Ее губы легко коснулись его щеки.

– Норт. Пожалуйста. Я не могу видеть, как ты страдаешь. Я знаю, что каждое мгновение ты чувствуешь отголоски той боли, что вырвала душу из твоего тела.

– Откуда? – горько спросил он, – Откуда ты все это знаешь? Я никогда не говорил тебе ничего такого.

Она ласково пригладила его длинные светлые волосы и грустно улыбнулась.

– Книги, Норт. Я очень много читаю.

– Ты разобьешься, – прошептал он.

– Тогда мы с тобой будем привязаны к этому мосту оба, – скрывая свой страх за усмешкой, ответила девушка.

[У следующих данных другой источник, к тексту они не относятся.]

(* Let $V=\bigoplus_{i<0}V_i$ be a finite-dimensional graded $\mathbb K$-vector space and $\mathfrak g\subset\mathfrak{gl}(V)$ a reductive Lie subalgebra with $\mathfrak g=\bigoplus_k\mathfrak g_k$, $\mathfrak g_k=\mathfrak g\cap\mathfrak{gl}(V)_k$. Let $0\ne\delta\in\mathfrak g_{-1}$, $\mathfrak m=\mathbb K\delta$, and let $H\in\mathfrak g_0$, $Y\in\mathfrak g_1$ satisfy $[H,\delta]=2\delta$, $[H,Y]=-2Y$, $[\delta,Y]=H$ (such elements exist). Then $\mathfrak s=\operatorname{span}\{\delta,H,Y\}\cong\mathfrak{sl}_2$ is contained in $\mathfrak u(\mathfrak m)$, and $\mathfrak u(\mathfrak m)$ is the semidirect sum of $\mathfrak s$ and the ideal $\mathfrak n_{\max}(\mathfrak m)$; in particular $\dim\mathfrak u(\mathfrak m)/\mathfrak n_{\max}(\mathfrak m)=3$, $\mathfrak n_{\max}(\mathfrak m)$ is an $\mathfrak{sl}_2$-module (under $\operatorname{ad}\mathfrak s$), and $\mathfrak n_{\max}(\mathfrak m)=\mathfrak n_{ne}(\mathfrak m)$.
   Context: $\mathfrak{gl}(V)_k=\bigoplus_i\operatorname{Hom}(V_i,V_{i+k})$. Universal algebraic prolongation: $\mathfrak u_{-1}=\mathfrak m$, $\mathfrak u_k=\{X\in\mathfrak g_k:[X,\delta']\in\mathfrak u_{k-1}\ \forall\delta'\in\mathfrak m\}$ for $k\ge0$, $\mathfrak u(\mathfrak m)=\bigoplus_{k\ge-1}\mathfrak u_k$ (a graded subalgebra of $\mathfrak g$). $\mathfrak n_{\max}(\mathfrak m)$ is the largest ideal of $\mathfrak u(\mathfrak m)$ contained in $\bigoplus_{i\ge0}\mathfrak u_i$. Let $V^i=\bigoplus_{j\ge i}V_j$ and let $\Gamma$ be the curve $t\mapsto\{e^{t\delta}V^i\}_i$ in the corresponding flag manifold of $V$; each $X\in\mathfrak{gl}(V)$ induces a vector field on that flag manifold, and $\mathfrak u(\mathfrak m)$ consists of elements whose vector fields are tangent to $\Gamma$. $\mathfrak n_{ne}(\mathfrak m)$ (non-effectiveness ideal) is the set of $X\in\mathfrak u(\mathfrak m)$ whose induced vector field vanishes identically along $\Gamma$. *)

theory Defs
  imports "HOL-Analysis.Finite_Cartesian_Product"
begin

– Нет. Я тебя не пущу, – он держал ее так крепко, как только мог. Она продолжала тепло улыбаться, разглядывая его бирюзовые глаза, так похожие на воды реки, в которой он так и не нашел своего покоя, дотрагивалась до его лица кончиками озябших пальцев, словно стараясь запомнить по осязанию его изящные черты. Каждое ее прикосновение облегчало вечную иглу боли, прошивающую его душу колючей шерстяной нитью. В тот миг, когда она коснулась губами его губ, он почувствовал себя живым. В следующее мгновение он увидел ее спускающейся по опорам моста.

***

Главное – не смотреть вниз, думала Эвелин, спускаясь по тонким решеткам, и благодарила архитектора за кружевные узоры, по которым было так удобно слезать. Несколько минут спустя до ее босых ног долетели первые холодные брызги, заставив девушку обернуться: до воды оставалось около двух метров, а украшения заканчивались отполированным временем и рекой столбом. Она глубоко вдохнула и решительно сделала единственный шаг вперед.

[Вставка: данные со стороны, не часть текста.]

(* Let $X$ be a real topological vector space, let $C$ be a non-empty subset of $X$, and let $f:X\times X\to\mathbb{R}$ be a bifunction. Then $f$ is cyclically quasi-monotone on $C$ if and only if for every finite non-empty subset $A$ of $C$ there exists $x\in A$ such that \[ \max_{a\in A} f(a,x)\leq 0. \]
   Context: A bifunction $f:X\times X\to\mathbb{R}$ is called cyclically quasi-monotone on $C$ if for every $n\in\mathbb{N}$ and all $x_0,x_1,\dots,x_n\in C$ there exists $i\in\{0,1,\dots,n\}$ such that $f(x_i,x_{i+1})\leq 0$, where $x_{n+1}:=x_0$. *)

theory Defs
  imports "HOL-Analysis.Analysis"
begin

definition cyclically_quasi_monotone_on :: "'a set \<Rightarrow> ('a \<Rightarrow> 'a \<Rightarrow> real) \<Rightarrow> bool" where
  "cyclically_quasi_monotone_on C f \<longleftrightarrow>
     (\<forall>(n::nat) (x::nat \<Rightarrow> 'a). (\<forall>i\<le>n. x i \<in> C) \<longrightarrow>
        (\<exists>i\<le>n. f (x i) (x (if i = n then 0 else Suc i)) \<le> 0))"

end

theory Submission
  imports Defs
begin

text \<open>If no point of a finite set \<open>A \<subseteq> C\<close> satisfies \<open>f a x \<le> 0\<close> for all \<open>a \<in> A\<close>,
  choose for every \<open>x \<in> A\<close> a point \<open>p x \<in> A\<close> with \<open>f (p x) x > 0\<close>. Since \<open>A\<close> is finite,
  the self-map \<open>p\<close> has a periodic point, and running its orbit backwards yields a cycle
  \<open>x\<^sub>0, \<dots>, x\<^sub>n\<close> in \<open>C\<close> with \<open>x\<^sub>i = p x\<^sub>i\<^sub>+\<^sub>1\<close>, so that every \<open>f x\<^sub>i x\<^sub>i\<^sub>+\<^sub>1\<close> is
  positive. Conversely, applying the condition to the set of points of a cycle gives a
  point \<open>x\<^sub>j\<close> with \<open>f x\<^sub>j\<^sub>-\<^sub>1 x\<^sub>j \<le> 0\<close> (indices modulo \<open>n + 1\<close>).\<close>

lemma funpow_in_closed_set:
  assumes "\<forall>x\<in>A. p x \<in> A" "x \<in> A"
  shows "(p ^^ k) x \<in> A"
  using assms by (induction k) auto

lemma finite_self_map_periodic_point:
  assumes "finite A" "\<forall>x\<in>A. p x \<in> A" "x \<in> A"
  obtains y k where "y \<in> A" "k > 0" "(p ^^ k) y = y"
proof -
  let ?orbit = "\<lambda>k. (p ^^ k) x"
  have "?orbit ` {..card A} \<subseteq> A"
    using assms(2,3) funpow_in_closed_set by (auto simp del: funpow.simps)
  then have "card (?orbit ` {..card A}) < card {..card A}"
    using assms(1) card_mono le_imp_less_Suc by (metis card_atMost)
  then have "\<not> inj_on ?orbit {..card A}"
    by (rule pigeonhole)
  then obtain i j where "i < j" "?orbit i = ?orbit j"
    unfolding inj_on_def by (metis linorder_neqE_nat)
  moreover have "(p ^^ (j - i)) (?orbit i) = ?orbit j"
    using \<open>i < j\<close> funpow_add[of "j - i" i p] by simp
  moreover have "?orbit i \<in> A"
    using assms(2,3) by (rule funpow_in_closed_set)
  ultimately show thesis
    using that[of "?orbit i" "j - i"] by simp
qed

lemma finite_self_map_backward_cycle:
  assumes "finite A" "A \<noteq> {}" "\<forall>x\<in>A. p x \<in> A"
  obtains n z where "\<forall>i\<le>n. z i \<in> A" "\<forall>i\<le>n. z i = p (z (if i = n then 0 else Suc i))"
proof -
  obtain x where "x \<in> A"
    using assms(2) by blast
  then obtain y k where y: "y \<in> A" "k > 0" "(p ^^ k) y = y"
    using assms(1,3) finite_self_map_periodic_point by metis
  define z where "z i = (p ^^ (k - i)) y" for i
  have "z i = p (z (if i = k - 1 then 0 else Suc i))" if "i \<le> k - 1" for i
  proof (cases "i = k - 1")
    case True
    then show ?thesis
      using y by (simp add: z_def funpow_swap1)
  next
    case False
    then have "k - i = Suc (k - Suc i)"
      using that by linarith
    then show ?thesis
      using False by (simp add: z_def)
  qed
  moreover have "z i \<in> A" for i
    unfolding z_def using assms(3) y(1) by (rule funpow_in_closed_set)
  ultimately show thesis
    using that[of "k - 1" z] by blast
qed

lemma cyclically_quasi_monotone_onD:
  assumes "cyclically_quasi_monotone_on C f" "finite A" "A \<noteq> {}" "A \<subseteq> C"
  shows "\<exists>x\<in>A. \<forall>a\<in>A. f a x \<le> 0"
proof (rule ccontr)
  assume "\<not> ?thesis"
  then obtain p where p: "\<And>x. x \<in> A \<Longrightarrow> p x \<in> A \<and> f (p x) x > 0"
    by (metis not_le)
  then obtain n z where z: "\<forall>i\<le>n. z i \<in> A"
      "\<forall>i\<le>n. z i = p (z (if i = n then 0 else Suc i))"
    using assms(2,3) finite_self_map_backward_cycle by metis
  have "f (z i) (z (if i = n then 0 else Suc i)) > 0" if "i \<le> n" for i
  proof -
    have "(if i = n then 0 else Suc i) \<le> n"
      using that by auto
    then show ?thesis
      using p z that by metis
  qed
  moreover have "\<exists>i\<le>n. f (z i) (z (if i = n then 0 else Suc i)) \<le> 0"
    using assms(1,4) z(1) unfolding cyclically_quasi_monotone_on_def by blast
  ultimately show False
    by (meson not_le)
qed

lemma cyclically_quasi_monotone_onI:
  assumes "\<And>A. finite A \<Longrightarrow> A \<noteq> {} \<Longrightarrow> A \<subseteq> C \<Longrightarrow> \<exists>x\<in>A. \<forall>a\<in>A. f a x \<le> 0"
  shows "cyclically_quasi_monotone_on C f"
  unfolding cyclically_quasi_monotone_on_def
proof (intro allI impI)
  fix n and x :: "nat \<Rightarrow> 'a"
  assume "\<forall>i\<le>n. x i \<in> C"
  then obtain j where j: "j \<le> n" "\<forall>i\<le>n. f (x i) (x j) \<le> 0"
    using assms[of "x ` {..n}"] by auto
  show "\<exists>i\<le>n. f (x i) (x (if i = n then 0 else Suc i)) \<le> 0"
  proof (cases "j = 0")
    case True
    then show ?thesis
      using j by (intro exI[of _ n]) auto
  next
    case False
    then show ?thesis
      using j by (intro exI[of _ "j - 1"]) auto
  qed
qed

theorem proposition2p1:
  fixes C :: "'a::{real_vector, topological_space} set"
    and f :: "'a \<Rightarrow> 'a \<Rightarrow> real"
  assumes "C \<noteq> {}"
  shows "cyclically_quasi_monotone_on C f \<longleftrightarrow>
    (\<forall>A. finite A \<and> A \<noteq> {} \<and> A \<subseteq> C \<longrightarrow>
       (\<exists>x\<in>A. (MAX a\<in>A. f a x) \<le> 0))"
proof -
  have "(MAX a\<in>A. f a x) \<le> 0 \<longleftrightarrow> (\<forall>a\<in>A. f a x \<le> 0)" if "finite A" "A \<noteq> {}" for A x
    using that by simp
  then show ?thesis
    using cyclically_quasi_monotone_onD[of C f] cyclically_quasi_monotone_onI[of C f] by auto
qed

end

Ледяная вода накрыла ее с головой, заставляя все внутри сжаться в тугой комочек, потянула было куда-то вниз, но передумала и упруго вытолкнула обратно. Эвелин жадно вдыхала холодный воздух. Она знала место его смерти с точностью до нескольких метров, но определить его на воде было гораздо сложнее, чем глядя на реку сверху. Эвелин осмотрелась и сориентировалась по трем торчащим из воды обломкам скал.

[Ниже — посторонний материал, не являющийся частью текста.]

(* Let $V\subseteq\mathcal{V}$ be a set of interpretations and consider $\sigma\in\{\mathrm{adm},\mathrm{com},\mathrm{mod}\}$. There is an ADF $D$ such that $\sigma(D)=V$ if and only if there is a $\sigma$-characterization for $V$.
   Context: Let $A$ be a fixed finite set of statements. An interpretation is a mapping $v:A\to\{\mathbf{t},\mathbf{f},\mathbf{u}\}$; $\mathcal{V}$ is the set of all interpretations and $\mathcal{V}_2$ the set of two-valued ones. The information ordering is $\mathbf{u}<_i\mathbf{t}$, $\mathbf{u}<_i\mathbf{f}$, extended pointwise. For $v\in\mathcal{V}$, $[v]_2$ is the set of two-valued interpretations $w$ with $v\leq_i w$. An ADF is $D=(A,L,C)$ where each statement $a$ has an acceptance formula $\varphi_a$ over its parents. The operator $\Gamma_D$ maps $v$ to the interpretation assigning to each $a$ the greatest lower bound w.r.t. $\leq_i$ (consensus: $\mathbf{t}$ if all are $\mathbf{t}$, $\mathbf{f}$ if all are $\mathbf{f}$, otherwise $\mathbf{u}$) of $\{w(\varphi_a)\mid w\in[v]_2\}$. $v$ is admissible iff $v\leq_i\Gamma_D(v)$, complete iff $\Gamma_D(v)=v$, a two-valued model iff it is two-valued and $\Gamma_D(v)=v$; these sets are $\mathrm{adm}(D),\mathrm{com}(D),\mathrm{mod}(D)$. For $f:\mathcal{V}_2\to\mathcal{V}_2$: - $f$ is an adm-characterization of $V$ iff for each $v\in\mathcal{V}$: $v\in V$ iff for every $a\in A$, $v(a)\neq\mathbf{u}$ implies $f(v_2)(a)=v(a)$ for all $v_2\in[v]_2$. - $f$ is a com-characterization of $V$ iff for each $v\in\mathcal{V}$: $v\in V$ iff for every $a\in A$, $v(a)\neq\mathbf{u}$ implies $f(v_2)(a)=v(a)$ for all $v_2\in[v]_2$, and $v(a)=\mathbf{u}$ implies $f(v_2')(a)=\mathbf{t}$ and $f(v_2'')(a)=\mathbf{f}$ for some $v_2',v_2''\in[v]_2$. - $f$ is a mod-characterization of $V$ iff $V\subseteq\mathcal{V}_2$ and for each $v\in\mathcal{V}_2$, $v\in V$ iff $f(v)=v$. *)

theory Defs
  imports Main
begin

(* The fixed finite set A of statements is the finite type 'a (A = UNIV). *)

datatype tv = TT | FF | UU

type_synonym 'a interp = "'a \<Rightarrow> tv"

definition info_le_tv :: "tv \<Rightarrow> tv \<Rightarrow> bool" where
  "info_le_tv x y \<longleftrightarrow> x = UU \<or> x = y"

definition info_le :: "'a interp \<Rightarrow> 'a interp \<Rightarrow> bool" where
  "info_le v w \<longleftrightarrow> (\<forall>a. info_le_tv (v a) (w a))"

definition two_valued :: "'a interp set" where
  "two_valued = {v. \<forall>a. v a \<noteq> UU}"

definition completions :: "'a interp \<Rightarrow> 'a interp set" where
  "completions v = {w \<in> two_valued. info_le v w}"

datatype 'a formula = Atom 'a | Top | Bot | Neg "'a formula"
  | Conj "'a formula" "'a formula" | Disj "'a formula" "'a formula"
  | Impl "'a formula" "'a formula"

fun atoms :: "'a formula \<Rightarrow> 'a set" where
  "atoms (Atom a) = {a}"
| "atoms Top = {}"
| "atoms Bot = {}"
| "atoms (Neg p) = atoms p"
| "atoms (Conj p q) = atoms p \<union> atoms q"
| "atoms (Disj p q) = atoms p \<union> atoms q"
| "atoms (Impl p q) = atoms p \<union> atoms q"

(* w(phi) for a two-valued interpretation w *)
fun eval :: "'a interp \<Rightarrow> 'a formula \<Rightarrow> tv" where
  "eval w (Atom a) = w a"
| "eval w Top = TT"
| "eval w Bot = FF"
| "eval w (Neg p) = (if eval w p = TT then FF else TT)"
| "eval w (Conj p q) = (if eval w p = TT \<and> eval w q = TT then TT else FF)"
| "eval w (Disj p q) = (if eval w p = TT \<or> eval w q = TT then TT else FF)"
| "eval w (Impl p q) = (if eval w p = TT \<longrightarrow> eval w q = TT then TT else FF)"

(* ADF D = (A, L, C): statements A = UNIV :: 'a set, links L, acceptance formulas *)
record 'a adf =
  links :: "('a \<times> 'a) set"
  acc :: "'a \<Rightarrow> 'a formula"

definition parents :: "'a adf \<Rightarrow> 'a \<Rightarrow> 'a set" where
  "parents D a = {b. (b, a) \<in> links D}"

definition wf_adf :: "'a adf \<Rightarrow> bool" where
  "wf_adf D \<longleftrightarrow> (\<forall>a. atoms (acc D a) \<subseteq> parents D a)"

(* greatest lower bound w.r.t. <=_i (consensus) *)
definition consensus :: "tv set \<Rightarrow> tv" where
  "consensus S = (if (\<forall>x\<in>S. x = TT) then TT else if (\<forall>x\<in>S. x = FF) then FF else UU)"

definition Gamma :: "'a adf \<Rightarrow> 'a interp \<Rightarrow> 'a interp" where
  "Gamma D v = (\<lambda>a. consensus {eval w (acc D a) | w. w \<in> completions v})"

definition adm :: "'a adf \<Rightarrow> 'a interp set" where
  "adm D = {v. info_le v (Gamma D v)}"

definition com :: "'a adf \<Rightarrow> 'a interp set" where
  "com D = {v. Gamma D v = v}"

definition mdl :: "'a adf \<Rightarrow> 'a interp set" where
  "mdl D = {v \<in> two_valued. Gamma D v = v}"

datatype sem = Adm | Com | Mod

fun sem_of :: "sem \<Rightarrow> 'a adf \<Rightarrow> 'a interp set" where
  "sem_of Adm D = adm D"
| "sem_of Com D = com D"
| "sem_of Mod D = mdl D"

(* f : V_2 \<rightarrow> V_2 (values outside V_2 are irrelevant) *)
definition maps_V2 :: "('a interp \<Rightarrow> 'a interp) \<Rightarrow> bool" where
  "maps_V2 f \<longleftrightarrow> (\<forall>w\<in>two_valued. f w \<in> two_valued)"

definition adm_char :: "('a interp \<Rightarrow> 'a interp) \<Rightarrow> 'a interp set \<Rightarrow> bool" where
  "adm_char f V \<longleftrightarrow> maps_V2 f \<and> (\<forall>v. v \<in> V \<longleftrightarrow>
     (\<forall>a. v a \<noteq> UU \<longrightarrow> (\<forall>v2\<in>completions v. f v2 a = v a)))"

definition com_char :: "('a interp \<Rightarrow> 'a interp) \<Rightarrow> 'a interp set \<Rightarrow> bool" where
  "com_char f V \<longleftrightarrow> maps_V2 f \<and> (\<forall>v. v \<in> V \<longleftrightarrow>
     (\<forall>a. (v a \<noteq> UU \<longrightarrow> (\<forall>v2\<in>completions v. f v2 a = v a)) \<and>
          (v a = UU \<longrightarrow> (\<exists>v2'\<in>completions v. f v2' a = TT) \<and>
                          (\<exists>v2''\<in>completions v. f v2'' a = FF))))"

definition mod_char :: "('a interp \<Rightarrow> 'a interp) \<Rightarrow> 'a interp set \<Rightarrow> bool" where
  "mod_char f V \<longleftrightarrow> maps_V2 f \<and> V \<subseteq> two_valued \<and>
     (\<forall>v\<in>two_valued. v \<in> V \<longleftrightarrow> f v = v)"

fun sem_char :: "sem \<Rightarrow> ('a interp \<Rightarrow> 'a interp) \<Rightarrow> 'a interp set \<Rightarrow> bool" where
  "sem_char Adm f V = adm_char f V"
| "sem_char Com f V = com_char f V"
| "sem_char Mod f V = mod_char f V"

end

theory Submission
  imports Defs
begin

text \<open>All three semantics of an ADF \<open>D\<close> depend on \<open>D\<close> only through the map
  \<open>w \<mapsto> (a \<mapsto> w(\<phi>\<^sub>a))\<close> on two-valued interpretations: on two-valued arguments this map
  is \<open>\<Gamma>\<^sub>D\<close> itself, and in general \<open>\<Gamma>\<^sub>D(v)(a)\<close> is the consensus of its values over
  \<open>[v]\<^sub>2\<close>. Unfolding admissibility, completeness and models in these terms gives exactly the
  conditions of the respective characterizations. Conversely, every map \<open>f : V\<^sub>2 \<rightarrow> V\<^sub>2\<close>
  arises from some ADF: take as \<open>\<phi>\<^sub>a\<close> the disjunction of the minterms of all two-valued
  \<open>w\<close> with \<open>f(w)(a) = t\<close>.\<close>

instance tv :: finite
proof
  have "(UNIV :: tv set) = {TT, FF, UU}" by (auto intro: tv.exhaust)
  then show "finite (UNIV :: tv set)" by (metis finite.emptyI finite_insert)
qed

fun char_sem :: "sem \<Rightarrow> ('a interp \<Rightarrow> 'a interp) \<Rightarrow> 'a interp set" where
  "char_sem Adm f = {v. \<forall>a. v a \<noteq> UU \<longrightarrow> (\<forall>w\<in>completions v. f w a = v a)}"
| "char_sem Com f = {v. \<forall>a. (v a \<noteq> UU \<longrightarrow> (\<forall>w\<in>completions v. f w a = v a)) \<and>
      (v a = UU \<longrightarrow> (\<exists>w\<in>completions v. f w a = TT) \<and> (\<exists>w\<in>completions v. f w a = FF))}"
| "char_sem Mod f = {v \<in> two_valued. f v = v}"

lemma sem_char_iff: "sem_char \<sigma> f V \<longleftrightarrow> maps_V2 f \<and> V = char_sem \<sigma> f"
  by (cases \<sigma>) (auto simp: adm_char_def com_char_def mod_char_def)

definition realizes :: "'a adf \<Rightarrow> ('a interp \<Rightarrow> 'a interp) \<Rightarrow> bool" where
  "realizes D f \<longleftrightarrow> (\<forall>w\<in>two_valued. \<forall>a. eval w (acc D a) = f w a)"

lemma eval_two_valued: "w \<in> two_valued \<Longrightarrow> eval w \<phi> \<noteq> UU"
  by (induction \<phi>) (auto simp: two_valued_def)

lemma realizes_eval: "realizes D (\<lambda>w a. eval w (acc D a))"
  by (simp add: realizes_def)

lemma realizes_maps_V2:
  assumes "realizes D f"
  shows "maps_V2 f"
  unfolding maps_V2_def
proof
  fix w :: "'a interp" assume "w \<in> two_valued"
  then have "f w a \<noteq> UU" for a
    using assms eval_two_valued by (metis realizes_def)
  then show "f w \<in> two_valued" by (simp add: two_valued_def)
qed

lemma completions_nonempty: "completions v \<noteq> {}"
proof -
  have "(\<lambda>a. if v a = UU then TT else v a) \<in> completions v"
    by (auto simp: completions_def two_valued_def info_le_def info_le_tv_def)
  then show ?thesis by blast
qed

lemma completions_two_valued: "v \<in> two_valued \<Longrightarrow> completions v = {v}"
  by (auto simp: completions_def two_valued_def info_le_def info_le_tv_def fun_eq_iff)

lemma completions_subset_two_valued: "completions v \<subseteq> two_valued"
  by (simp add: completions_def)

lemma two_valued_cases: "x \<noteq> UU \<Longrightarrow> x = TT \<or> x = FF"
  by (cases x) auto

lemma Gamma_realizes:
  assumes "realizes D f"
  shows "Gamma D v a = consensus ((\<lambda>w. f w a) ` completions v)"
proof -
  have "eval w (acc D a) = f w a" if "w \<in> completions v" for w
    using assms that completions_subset_two_valued by (auto simp: realizes_def)
  then show ?thesis
    by (simp add: Gamma_def Setcompr_eq_image cong: image_cong)
qed

lemma Gamma_eq_two_valued_iff:
  assumes "realizes D f" and "x \<noteq> UU"
  shows "Gamma D v a = x \<longleftrightarrow> (\<forall>w\<in>completions v. f w a = x)"
  using two_valued_cases[OF \<open>x \<noteq> UU\<close>] completions_nonempty[of v]
  by (auto simp: Gamma_realizes[OF assms(1)] consensus_def)

lemma Gamma_eq_UU_iff:
  assumes "realizes D f"
  shows "Gamma D v a = UU \<longleftrightarrow> (\<exists>w\<in>completions v. f w a = TT) \<and> (\<exists>w\<in>completions v. f w a = FF)"
proof -
  have "f w a \<noteq> UU" if "w \<in> completions v" for w
    using realizes_maps_V2[OF assms] completions_subset_two_valued that
    by (auto simp: maps_V2_def two_valued_def)
  then have "f w a = TT \<or> f w a = FF" if "w \<in> completions v" for w
    using two_valued_cases that by blast
  then show ?thesis
    by (auto simp: Gamma_realizes[OF assms] consensus_def)
qed

lemma Gamma_two_valued:
  assumes "realizes D f" and "v \<in> two_valued"
  shows "Gamma D v = f v"
proof
  fix a
  have "f v a \<noteq> UU"
    using realizes_maps_V2[OF assms(1)] assms(2) by (auto simp: maps_V2_def two_valued_def)
  then show "Gamma D v a = f v a"
    using Gamma_eq_two_valued_iff[OF assms(1)] completions_two_valued[OF assms(2)] by simp
qed

lemma sem_of_realizes:
  assumes "realizes D f"
  shows "sem_of \<sigma> D = char_sem \<sigma> f"
proof (cases \<sigma>)
  case Adm
  have "v a = UU \<or> v a = Gamma D v a \<longleftrightarrow> (v a \<noteq> UU \<longrightarrow> (\<forall>w\<in>completions v. f w a = v a))" for v a
    using Gamma_eq_two_valued_iff[OF assms, of "v a" v a] by metis
  then show ?thesis
    using Adm by (simp add: adm_def info_le_def info_le_tv_def)
next
  case Com
  have "Gamma D v a = v a \<longleftrightarrow> (v a \<noteq> UU \<longrightarrow> (\<forall>w\<in>completions v. f w a = v a)) \<and>
      (v a = UU \<longrightarrow> (\<exists>w\<in>completions v. f w a = TT) \<and> (\<exists>w\<in>completions v. f w a = FF))" for v a
    using Gamma_eq_two_valued_iff[OF assms] Gamma_eq_UU_iff[OF assms] by (cases "v a = UU") auto
  then show ?thesis
    using Com by (auto simp: com_def fun_eq_iff)
next
  case Mod
  then show ?thesis
    using Gamma_two_valued[OF assms] by (auto simp: mdl_def)
qed

definition univ_list :: "'b::finite list" where
  "univ_list = (SOME xs. set xs = UNIV)"

lemma set_univ_list: "set (univ_list :: 'b::finite list) = UNIV"
  unfolding univ_list_def by (rule someI_ex) (rule finite_list, simp)

definition lit :: "'a interp \<Rightarrow> 'a \<Rightarrow> 'a formula" where
  "lit w b = (if w b = TT then Atom b else Neg (Atom b))"

definition minterm :: "'a::finite interp \<Rightarrow> 'a formula" where
  "minterm w = foldr (\<lambda>b \<phi>. Conj (lit w b) \<phi>) univ_list Top"

definition disj_list :: "'a formula list \<Rightarrow> 'a formula" where
  "disj_list \<phi>s = foldr Disj \<phi>s Bot"

lemma eval_disj_list: "eval u (disj_list \<phi>s) = TT \<longleftrightarrow> (\<exists>\<phi>\<in>set \<phi>s. eval u \<phi> = TT)"
  unfolding disj_list_def by (induction \<phi>s) auto

lemma eval_lit:
  "u \<in> two_valued \<Longrightarrow> w \<in> two_valued \<Longrightarrow> eval u (lit w b) = TT \<longleftrightarrow> u b = w b"
  unfolding lit_def two_valued_def by (cases "u b"; cases "w b") auto

lemma eval_minterm:
  assumes "u \<in> two_valued" and "w \<in> two_valued"
  shows "eval u (minterm w) = TT \<longleftrightarrow> u = w"
proof -
  have "eval u (foldr (\<lambda>b \<phi>. Conj (lit w b) \<phi>) bs Top) = TT \<longleftrightarrow> (\<forall>b\<in>set bs. u b = w b)" for bs
    using eval_lit[OF assms] by (induction bs) auto
  then show ?thesis by (simp add: minterm_def set_univ_list fun_eq_iff)
qed

definition adf_of :: "('a::finite interp \<Rightarrow> 'a interp) \<Rightarrow> 'a adf" where
  "adf_of f = \<lparr>links = UNIV,
     acc = (\<lambda>a. disj_list (map minterm [w \<leftarrow> univ_list. w \<in> two_valued \<and> f w a = TT]))\<rparr>"

lemma wf_adf_of: "wf_adf (adf_of f)"
  by (simp add: wf_adf_def adf_of_def parents_def)

lemma realizes_adf_of:
  assumes "maps_V2 f"
  shows "realizes (adf_of f) f"
  unfolding realizes_def
proof (intro ballI allI)
  fix w :: "'a interp" and a :: 'a
  assume w: "w \<in> two_valued"
  have "eval w (acc (adf_of f) a) = TT \<longleftrightarrow> f w a = TT"
    using eval_minterm[OF w] w by (auto simp: adf_of_def eval_disj_list set_univ_list)
  moreover have "eval w (acc (adf_of f) a) \<noteq> UU" and "f w a \<noteq> UU"
    using eval_two_valued[OF w] assms w by (auto simp: maps_V2_def two_valued_def)
  ultimately show "eval w (acc (adf_of f) a) = f w a"
    by (cases "eval w (acc (adf_of f) a)"; cases "f w a") simp_all
qed

theorem theorem1:
  fixes V :: "('a::finite) interp set" and \<sigma> :: sem
  shows "(\<exists>D :: 'a adf. wf_adf D \<and> sem_of \<sigma> D = V) \<longleftrightarrow> (\<exists>f. sem_char \<sigma> f V)"
  unfolding sem_char_iff
proof
  assume "\<exists>D :: 'a adf. wf_adf D \<and> sem_of \<sigma> D = V"
  then obtain D :: "'a adf" where D: "sem_of \<sigma> D = V" by blast
  let ?f = "\<lambda>w a. eval w (acc D a)"
  have "maps_V2 ?f" and "V = char_sem \<sigma> ?f"
    using realizes_maps_V2 sem_of_realizes D realizes_eval by blast+
  then show "\<exists>f. maps_V2 f \<and> V = char_sem \<sigma> f" by blast
next
  assume "\<exists>f. maps_V2 f \<and> V = char_sem \<sigma> f"
  then obtain f where f: "maps_V2 f" "V = char_sem \<sigma> f" by blast
  have "sem_of \<sigma> (adf_of f) = V"
    using sem_of_realizes[OF realizes_adf_of[OF f(1)]] f(2) by simp
  then show "\<exists>D :: 'a adf. wf_adf D \<and> sem_of \<sigma> D = V"
    using wf_adf_of by blast
qed

end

Нырять пришлось девять раз. Руки и ноги давно перестали чувствовать холод и отзывались на каждое движение тяжелой ноющей болью, казалось, замерз даже разум, сузившись до одной-единственной мысли: «Найти и вытащить тело». Вытащить оказалось намного сложнее, чем найти: Норт лежал глубоко, между крупными валунами, и в самый последний миг, когда Эвелин уже плыла наверх вместе с ним, ее левая нога застряла в камнях. Страх закипел в крови. В груди медленно разрывались легкие, настойчиво требуя очередного вдоха. В глазах темнело. Эвелин собрала остатки сил и рванулась к тусклому осеннему солнцу. Казалось, прошло несколько лет, прежде чем скала отпустила ее, болезненно укусив напоследок…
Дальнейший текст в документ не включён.